(Collected data)
————

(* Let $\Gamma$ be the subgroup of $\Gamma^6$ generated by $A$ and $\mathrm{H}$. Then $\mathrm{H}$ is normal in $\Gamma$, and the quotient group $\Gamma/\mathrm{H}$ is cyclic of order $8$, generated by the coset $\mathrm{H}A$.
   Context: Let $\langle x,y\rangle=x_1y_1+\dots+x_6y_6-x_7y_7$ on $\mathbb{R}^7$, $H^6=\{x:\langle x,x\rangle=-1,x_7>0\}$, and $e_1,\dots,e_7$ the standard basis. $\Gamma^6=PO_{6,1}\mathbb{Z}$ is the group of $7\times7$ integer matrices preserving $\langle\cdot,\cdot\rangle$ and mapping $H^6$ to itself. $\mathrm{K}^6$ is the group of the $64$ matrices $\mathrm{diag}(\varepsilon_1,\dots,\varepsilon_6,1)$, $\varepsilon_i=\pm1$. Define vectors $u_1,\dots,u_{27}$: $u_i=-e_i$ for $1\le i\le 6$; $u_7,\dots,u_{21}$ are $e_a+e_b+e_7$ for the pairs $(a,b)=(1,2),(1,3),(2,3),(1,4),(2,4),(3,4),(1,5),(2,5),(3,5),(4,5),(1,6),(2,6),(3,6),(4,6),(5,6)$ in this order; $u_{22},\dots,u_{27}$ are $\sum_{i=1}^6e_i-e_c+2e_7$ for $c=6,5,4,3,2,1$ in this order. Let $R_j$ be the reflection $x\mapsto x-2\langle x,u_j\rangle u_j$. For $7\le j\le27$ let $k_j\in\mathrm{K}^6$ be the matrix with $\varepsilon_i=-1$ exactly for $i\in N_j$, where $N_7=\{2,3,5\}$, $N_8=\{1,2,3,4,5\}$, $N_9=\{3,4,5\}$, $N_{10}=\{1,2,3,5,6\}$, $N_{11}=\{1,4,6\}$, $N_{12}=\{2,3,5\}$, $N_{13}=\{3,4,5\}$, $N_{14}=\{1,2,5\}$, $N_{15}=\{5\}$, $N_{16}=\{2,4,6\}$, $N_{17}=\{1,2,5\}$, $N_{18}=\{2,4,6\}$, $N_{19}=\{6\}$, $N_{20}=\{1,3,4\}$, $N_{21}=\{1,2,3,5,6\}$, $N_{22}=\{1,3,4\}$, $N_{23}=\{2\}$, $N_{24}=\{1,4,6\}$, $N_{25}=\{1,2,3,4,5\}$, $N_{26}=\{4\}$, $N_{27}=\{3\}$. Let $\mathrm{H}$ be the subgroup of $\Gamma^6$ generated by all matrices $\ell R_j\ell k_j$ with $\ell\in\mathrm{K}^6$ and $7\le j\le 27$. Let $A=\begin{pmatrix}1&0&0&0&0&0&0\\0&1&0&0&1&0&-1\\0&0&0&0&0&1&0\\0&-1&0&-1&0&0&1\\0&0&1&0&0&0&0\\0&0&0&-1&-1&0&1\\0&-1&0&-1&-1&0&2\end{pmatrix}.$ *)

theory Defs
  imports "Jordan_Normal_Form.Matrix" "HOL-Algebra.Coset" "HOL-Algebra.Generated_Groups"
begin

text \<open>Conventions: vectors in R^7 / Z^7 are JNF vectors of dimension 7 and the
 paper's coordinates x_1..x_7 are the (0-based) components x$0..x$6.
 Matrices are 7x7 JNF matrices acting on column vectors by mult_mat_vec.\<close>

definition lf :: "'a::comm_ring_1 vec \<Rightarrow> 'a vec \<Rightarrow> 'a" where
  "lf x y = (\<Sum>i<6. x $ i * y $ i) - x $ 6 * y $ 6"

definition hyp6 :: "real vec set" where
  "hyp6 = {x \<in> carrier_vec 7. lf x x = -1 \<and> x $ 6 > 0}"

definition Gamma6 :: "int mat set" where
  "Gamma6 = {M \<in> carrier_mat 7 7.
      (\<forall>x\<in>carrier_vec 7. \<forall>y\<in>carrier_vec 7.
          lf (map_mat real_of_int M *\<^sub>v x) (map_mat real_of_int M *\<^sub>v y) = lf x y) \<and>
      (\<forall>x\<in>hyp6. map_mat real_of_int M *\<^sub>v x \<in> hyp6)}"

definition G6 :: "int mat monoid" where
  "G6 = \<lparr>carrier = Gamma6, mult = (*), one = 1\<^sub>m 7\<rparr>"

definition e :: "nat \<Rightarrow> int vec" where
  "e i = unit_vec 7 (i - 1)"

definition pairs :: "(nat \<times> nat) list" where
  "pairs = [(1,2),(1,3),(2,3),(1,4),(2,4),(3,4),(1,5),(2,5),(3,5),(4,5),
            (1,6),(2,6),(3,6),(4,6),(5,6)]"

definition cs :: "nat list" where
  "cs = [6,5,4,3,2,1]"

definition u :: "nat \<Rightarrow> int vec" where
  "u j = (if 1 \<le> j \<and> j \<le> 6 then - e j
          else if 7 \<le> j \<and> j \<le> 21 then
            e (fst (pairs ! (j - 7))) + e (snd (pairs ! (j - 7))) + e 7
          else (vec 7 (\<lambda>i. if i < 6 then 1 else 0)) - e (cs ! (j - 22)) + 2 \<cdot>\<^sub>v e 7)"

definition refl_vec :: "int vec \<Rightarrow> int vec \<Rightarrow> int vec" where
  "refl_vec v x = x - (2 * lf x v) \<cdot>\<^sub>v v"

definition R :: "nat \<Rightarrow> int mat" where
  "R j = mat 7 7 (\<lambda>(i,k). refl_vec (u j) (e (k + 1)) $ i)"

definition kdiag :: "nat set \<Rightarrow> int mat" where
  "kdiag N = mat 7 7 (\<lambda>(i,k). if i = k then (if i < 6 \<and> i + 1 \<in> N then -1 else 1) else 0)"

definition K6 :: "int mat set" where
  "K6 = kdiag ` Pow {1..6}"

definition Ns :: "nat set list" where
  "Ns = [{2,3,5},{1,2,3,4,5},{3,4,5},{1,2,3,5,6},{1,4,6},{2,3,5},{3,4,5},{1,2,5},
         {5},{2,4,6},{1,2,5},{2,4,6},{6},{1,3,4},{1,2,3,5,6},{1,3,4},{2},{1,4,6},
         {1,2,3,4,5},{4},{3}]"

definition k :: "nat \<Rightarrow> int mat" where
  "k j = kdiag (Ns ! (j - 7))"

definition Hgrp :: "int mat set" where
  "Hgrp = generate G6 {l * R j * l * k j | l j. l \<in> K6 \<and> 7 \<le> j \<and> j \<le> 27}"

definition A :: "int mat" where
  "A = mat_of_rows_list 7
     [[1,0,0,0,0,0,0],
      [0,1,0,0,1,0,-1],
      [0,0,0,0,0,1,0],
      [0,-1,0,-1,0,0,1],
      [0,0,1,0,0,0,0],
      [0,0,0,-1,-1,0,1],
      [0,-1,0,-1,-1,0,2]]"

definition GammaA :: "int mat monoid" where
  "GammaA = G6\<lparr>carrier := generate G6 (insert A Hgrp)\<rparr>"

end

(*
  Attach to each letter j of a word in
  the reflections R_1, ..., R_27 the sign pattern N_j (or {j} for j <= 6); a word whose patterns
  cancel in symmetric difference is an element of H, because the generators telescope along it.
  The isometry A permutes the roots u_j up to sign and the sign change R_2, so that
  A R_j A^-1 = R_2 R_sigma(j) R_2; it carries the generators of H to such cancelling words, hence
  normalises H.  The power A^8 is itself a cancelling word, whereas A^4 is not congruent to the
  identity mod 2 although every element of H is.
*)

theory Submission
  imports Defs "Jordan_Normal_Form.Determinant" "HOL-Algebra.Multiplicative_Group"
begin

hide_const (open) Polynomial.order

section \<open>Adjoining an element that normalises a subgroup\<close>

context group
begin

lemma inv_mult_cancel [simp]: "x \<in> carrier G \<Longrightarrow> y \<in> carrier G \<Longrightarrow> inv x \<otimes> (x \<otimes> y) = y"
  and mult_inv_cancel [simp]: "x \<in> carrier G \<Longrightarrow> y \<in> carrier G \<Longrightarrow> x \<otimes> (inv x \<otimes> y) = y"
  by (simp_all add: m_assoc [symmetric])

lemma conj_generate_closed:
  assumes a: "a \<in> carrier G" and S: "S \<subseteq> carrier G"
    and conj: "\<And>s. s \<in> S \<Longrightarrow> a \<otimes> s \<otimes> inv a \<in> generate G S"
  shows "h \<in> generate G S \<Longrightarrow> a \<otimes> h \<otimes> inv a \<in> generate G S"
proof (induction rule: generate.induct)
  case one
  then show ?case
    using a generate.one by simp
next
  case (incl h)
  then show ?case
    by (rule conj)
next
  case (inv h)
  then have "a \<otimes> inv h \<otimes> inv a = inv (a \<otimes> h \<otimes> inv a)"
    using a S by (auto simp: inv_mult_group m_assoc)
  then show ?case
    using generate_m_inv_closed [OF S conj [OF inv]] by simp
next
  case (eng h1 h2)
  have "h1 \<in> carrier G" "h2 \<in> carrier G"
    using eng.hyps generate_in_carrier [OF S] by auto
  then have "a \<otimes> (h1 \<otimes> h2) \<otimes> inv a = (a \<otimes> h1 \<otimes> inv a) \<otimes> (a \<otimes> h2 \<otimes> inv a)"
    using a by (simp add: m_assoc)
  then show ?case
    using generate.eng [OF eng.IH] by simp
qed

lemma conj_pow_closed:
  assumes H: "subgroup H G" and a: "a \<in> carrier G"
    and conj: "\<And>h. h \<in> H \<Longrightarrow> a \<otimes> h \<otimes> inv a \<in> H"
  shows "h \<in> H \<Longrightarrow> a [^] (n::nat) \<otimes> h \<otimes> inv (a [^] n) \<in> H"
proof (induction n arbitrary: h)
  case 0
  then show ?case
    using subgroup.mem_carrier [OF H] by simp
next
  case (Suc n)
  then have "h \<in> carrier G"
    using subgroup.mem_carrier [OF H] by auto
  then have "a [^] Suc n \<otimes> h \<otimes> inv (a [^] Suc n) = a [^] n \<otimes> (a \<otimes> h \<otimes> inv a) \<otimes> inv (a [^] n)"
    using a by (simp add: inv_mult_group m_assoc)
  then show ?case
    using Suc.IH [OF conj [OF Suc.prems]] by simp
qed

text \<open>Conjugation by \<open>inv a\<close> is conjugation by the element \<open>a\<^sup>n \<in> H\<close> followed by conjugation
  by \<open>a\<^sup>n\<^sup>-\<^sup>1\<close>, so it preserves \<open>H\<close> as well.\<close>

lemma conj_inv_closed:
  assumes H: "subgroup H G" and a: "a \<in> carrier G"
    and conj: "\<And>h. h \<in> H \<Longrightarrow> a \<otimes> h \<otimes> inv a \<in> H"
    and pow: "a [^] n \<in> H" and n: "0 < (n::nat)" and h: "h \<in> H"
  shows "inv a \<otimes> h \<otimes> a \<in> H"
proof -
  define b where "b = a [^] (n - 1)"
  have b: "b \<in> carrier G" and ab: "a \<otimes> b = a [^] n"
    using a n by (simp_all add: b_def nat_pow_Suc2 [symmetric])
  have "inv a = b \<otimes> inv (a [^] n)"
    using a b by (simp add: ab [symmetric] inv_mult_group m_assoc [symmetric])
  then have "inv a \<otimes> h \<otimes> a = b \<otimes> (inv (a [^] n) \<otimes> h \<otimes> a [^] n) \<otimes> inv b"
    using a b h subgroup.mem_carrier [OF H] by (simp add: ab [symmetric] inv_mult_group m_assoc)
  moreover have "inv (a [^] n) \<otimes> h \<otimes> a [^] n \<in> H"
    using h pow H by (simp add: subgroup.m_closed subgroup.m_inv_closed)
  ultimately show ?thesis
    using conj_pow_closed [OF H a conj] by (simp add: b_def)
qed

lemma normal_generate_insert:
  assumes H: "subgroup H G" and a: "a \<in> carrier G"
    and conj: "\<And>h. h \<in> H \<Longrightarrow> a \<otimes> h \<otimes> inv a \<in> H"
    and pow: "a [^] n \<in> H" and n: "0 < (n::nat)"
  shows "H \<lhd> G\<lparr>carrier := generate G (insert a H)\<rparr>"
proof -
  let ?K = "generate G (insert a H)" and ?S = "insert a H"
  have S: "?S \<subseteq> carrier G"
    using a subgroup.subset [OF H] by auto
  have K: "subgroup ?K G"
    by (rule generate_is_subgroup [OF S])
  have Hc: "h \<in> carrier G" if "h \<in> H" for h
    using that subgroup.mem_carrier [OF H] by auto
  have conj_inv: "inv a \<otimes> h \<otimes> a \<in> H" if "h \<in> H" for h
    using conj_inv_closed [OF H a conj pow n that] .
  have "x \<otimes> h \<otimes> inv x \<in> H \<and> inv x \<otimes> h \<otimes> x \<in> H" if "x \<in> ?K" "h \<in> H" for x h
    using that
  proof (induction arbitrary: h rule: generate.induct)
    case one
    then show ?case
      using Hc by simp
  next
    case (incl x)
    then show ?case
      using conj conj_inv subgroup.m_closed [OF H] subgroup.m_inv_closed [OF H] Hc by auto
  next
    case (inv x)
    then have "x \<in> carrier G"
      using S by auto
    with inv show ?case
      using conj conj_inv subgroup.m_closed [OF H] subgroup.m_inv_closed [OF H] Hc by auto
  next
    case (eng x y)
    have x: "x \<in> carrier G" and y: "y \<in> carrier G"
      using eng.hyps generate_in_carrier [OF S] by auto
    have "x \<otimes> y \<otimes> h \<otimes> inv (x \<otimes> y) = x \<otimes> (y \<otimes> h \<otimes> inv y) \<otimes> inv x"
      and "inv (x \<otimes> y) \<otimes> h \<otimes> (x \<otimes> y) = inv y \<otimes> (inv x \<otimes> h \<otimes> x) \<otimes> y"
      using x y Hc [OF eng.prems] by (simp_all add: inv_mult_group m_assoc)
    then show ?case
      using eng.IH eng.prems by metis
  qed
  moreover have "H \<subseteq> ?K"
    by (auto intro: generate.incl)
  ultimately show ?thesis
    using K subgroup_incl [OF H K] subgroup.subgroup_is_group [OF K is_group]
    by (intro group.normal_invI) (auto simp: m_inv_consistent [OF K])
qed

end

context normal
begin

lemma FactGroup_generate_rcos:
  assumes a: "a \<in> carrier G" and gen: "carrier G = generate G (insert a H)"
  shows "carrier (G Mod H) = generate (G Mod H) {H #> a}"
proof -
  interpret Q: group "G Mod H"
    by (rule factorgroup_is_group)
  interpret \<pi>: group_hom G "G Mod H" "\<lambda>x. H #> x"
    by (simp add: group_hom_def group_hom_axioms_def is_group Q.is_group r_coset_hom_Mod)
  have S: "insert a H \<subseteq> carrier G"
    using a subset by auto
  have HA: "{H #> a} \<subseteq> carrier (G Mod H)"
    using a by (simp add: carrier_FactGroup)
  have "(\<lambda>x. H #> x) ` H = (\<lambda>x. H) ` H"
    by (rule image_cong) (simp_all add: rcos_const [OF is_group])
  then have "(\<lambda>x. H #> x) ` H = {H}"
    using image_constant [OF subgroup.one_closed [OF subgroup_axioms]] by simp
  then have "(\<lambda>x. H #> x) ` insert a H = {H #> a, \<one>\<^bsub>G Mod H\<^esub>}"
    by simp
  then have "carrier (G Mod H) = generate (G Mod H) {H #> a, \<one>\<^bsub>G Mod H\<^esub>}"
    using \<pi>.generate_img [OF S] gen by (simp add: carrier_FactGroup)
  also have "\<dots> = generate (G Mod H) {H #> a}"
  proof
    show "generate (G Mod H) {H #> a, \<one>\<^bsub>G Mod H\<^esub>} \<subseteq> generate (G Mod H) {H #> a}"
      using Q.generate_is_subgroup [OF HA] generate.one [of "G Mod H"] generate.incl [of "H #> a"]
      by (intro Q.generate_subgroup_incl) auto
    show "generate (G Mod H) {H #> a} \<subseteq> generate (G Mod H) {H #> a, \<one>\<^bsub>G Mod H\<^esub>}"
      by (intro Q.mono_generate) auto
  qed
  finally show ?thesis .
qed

————

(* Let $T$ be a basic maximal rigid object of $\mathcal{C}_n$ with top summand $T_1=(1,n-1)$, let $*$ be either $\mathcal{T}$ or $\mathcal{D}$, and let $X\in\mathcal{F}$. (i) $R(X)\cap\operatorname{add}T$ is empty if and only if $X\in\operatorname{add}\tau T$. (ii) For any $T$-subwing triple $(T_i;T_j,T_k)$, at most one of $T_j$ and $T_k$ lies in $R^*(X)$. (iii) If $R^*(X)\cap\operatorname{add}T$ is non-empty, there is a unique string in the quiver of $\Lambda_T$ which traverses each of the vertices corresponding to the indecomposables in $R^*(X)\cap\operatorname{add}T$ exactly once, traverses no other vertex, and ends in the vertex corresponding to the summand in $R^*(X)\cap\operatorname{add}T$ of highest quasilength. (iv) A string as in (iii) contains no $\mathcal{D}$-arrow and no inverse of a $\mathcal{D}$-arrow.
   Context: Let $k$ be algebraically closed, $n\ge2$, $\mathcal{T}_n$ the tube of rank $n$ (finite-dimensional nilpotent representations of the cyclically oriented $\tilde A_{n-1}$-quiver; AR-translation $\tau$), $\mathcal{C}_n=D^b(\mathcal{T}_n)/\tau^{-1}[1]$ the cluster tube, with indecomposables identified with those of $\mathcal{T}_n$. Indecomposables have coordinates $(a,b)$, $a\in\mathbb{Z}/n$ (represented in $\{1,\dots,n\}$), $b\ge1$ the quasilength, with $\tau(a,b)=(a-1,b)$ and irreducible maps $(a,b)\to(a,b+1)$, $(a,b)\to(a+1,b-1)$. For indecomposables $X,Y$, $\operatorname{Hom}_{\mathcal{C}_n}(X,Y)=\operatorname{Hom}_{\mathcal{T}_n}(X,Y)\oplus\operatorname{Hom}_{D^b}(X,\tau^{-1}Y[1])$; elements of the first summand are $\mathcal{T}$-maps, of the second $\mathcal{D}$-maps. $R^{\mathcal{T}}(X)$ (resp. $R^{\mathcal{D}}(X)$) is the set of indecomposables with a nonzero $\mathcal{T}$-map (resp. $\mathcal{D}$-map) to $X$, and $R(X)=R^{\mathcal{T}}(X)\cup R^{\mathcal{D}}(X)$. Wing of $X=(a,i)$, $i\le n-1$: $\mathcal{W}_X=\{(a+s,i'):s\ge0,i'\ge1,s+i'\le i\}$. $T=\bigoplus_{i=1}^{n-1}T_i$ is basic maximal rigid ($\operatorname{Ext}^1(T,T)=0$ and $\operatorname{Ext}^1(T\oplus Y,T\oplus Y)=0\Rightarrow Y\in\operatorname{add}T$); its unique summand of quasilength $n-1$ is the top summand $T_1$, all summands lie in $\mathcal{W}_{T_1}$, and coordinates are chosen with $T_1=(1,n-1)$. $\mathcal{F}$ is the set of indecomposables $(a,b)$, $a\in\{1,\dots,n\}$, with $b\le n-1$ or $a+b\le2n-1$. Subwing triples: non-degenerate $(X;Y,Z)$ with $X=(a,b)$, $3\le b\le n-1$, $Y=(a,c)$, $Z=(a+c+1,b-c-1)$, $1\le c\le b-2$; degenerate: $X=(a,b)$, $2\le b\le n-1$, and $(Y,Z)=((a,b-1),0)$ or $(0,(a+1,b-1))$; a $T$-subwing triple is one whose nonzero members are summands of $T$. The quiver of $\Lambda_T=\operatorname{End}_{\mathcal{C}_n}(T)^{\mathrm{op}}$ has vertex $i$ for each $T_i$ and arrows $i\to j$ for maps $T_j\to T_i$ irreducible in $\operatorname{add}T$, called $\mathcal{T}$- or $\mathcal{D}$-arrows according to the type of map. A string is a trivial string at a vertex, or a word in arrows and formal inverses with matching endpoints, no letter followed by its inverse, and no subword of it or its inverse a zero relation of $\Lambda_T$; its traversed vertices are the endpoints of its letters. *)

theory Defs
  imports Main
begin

————

§ About this task:
When the word "arbitrary" shows up in a line of the entries, pull that line out.

§ Written response:
proof (induction n arbitrary: h)
  proof (induction arbitrary: h rule: generate.induct)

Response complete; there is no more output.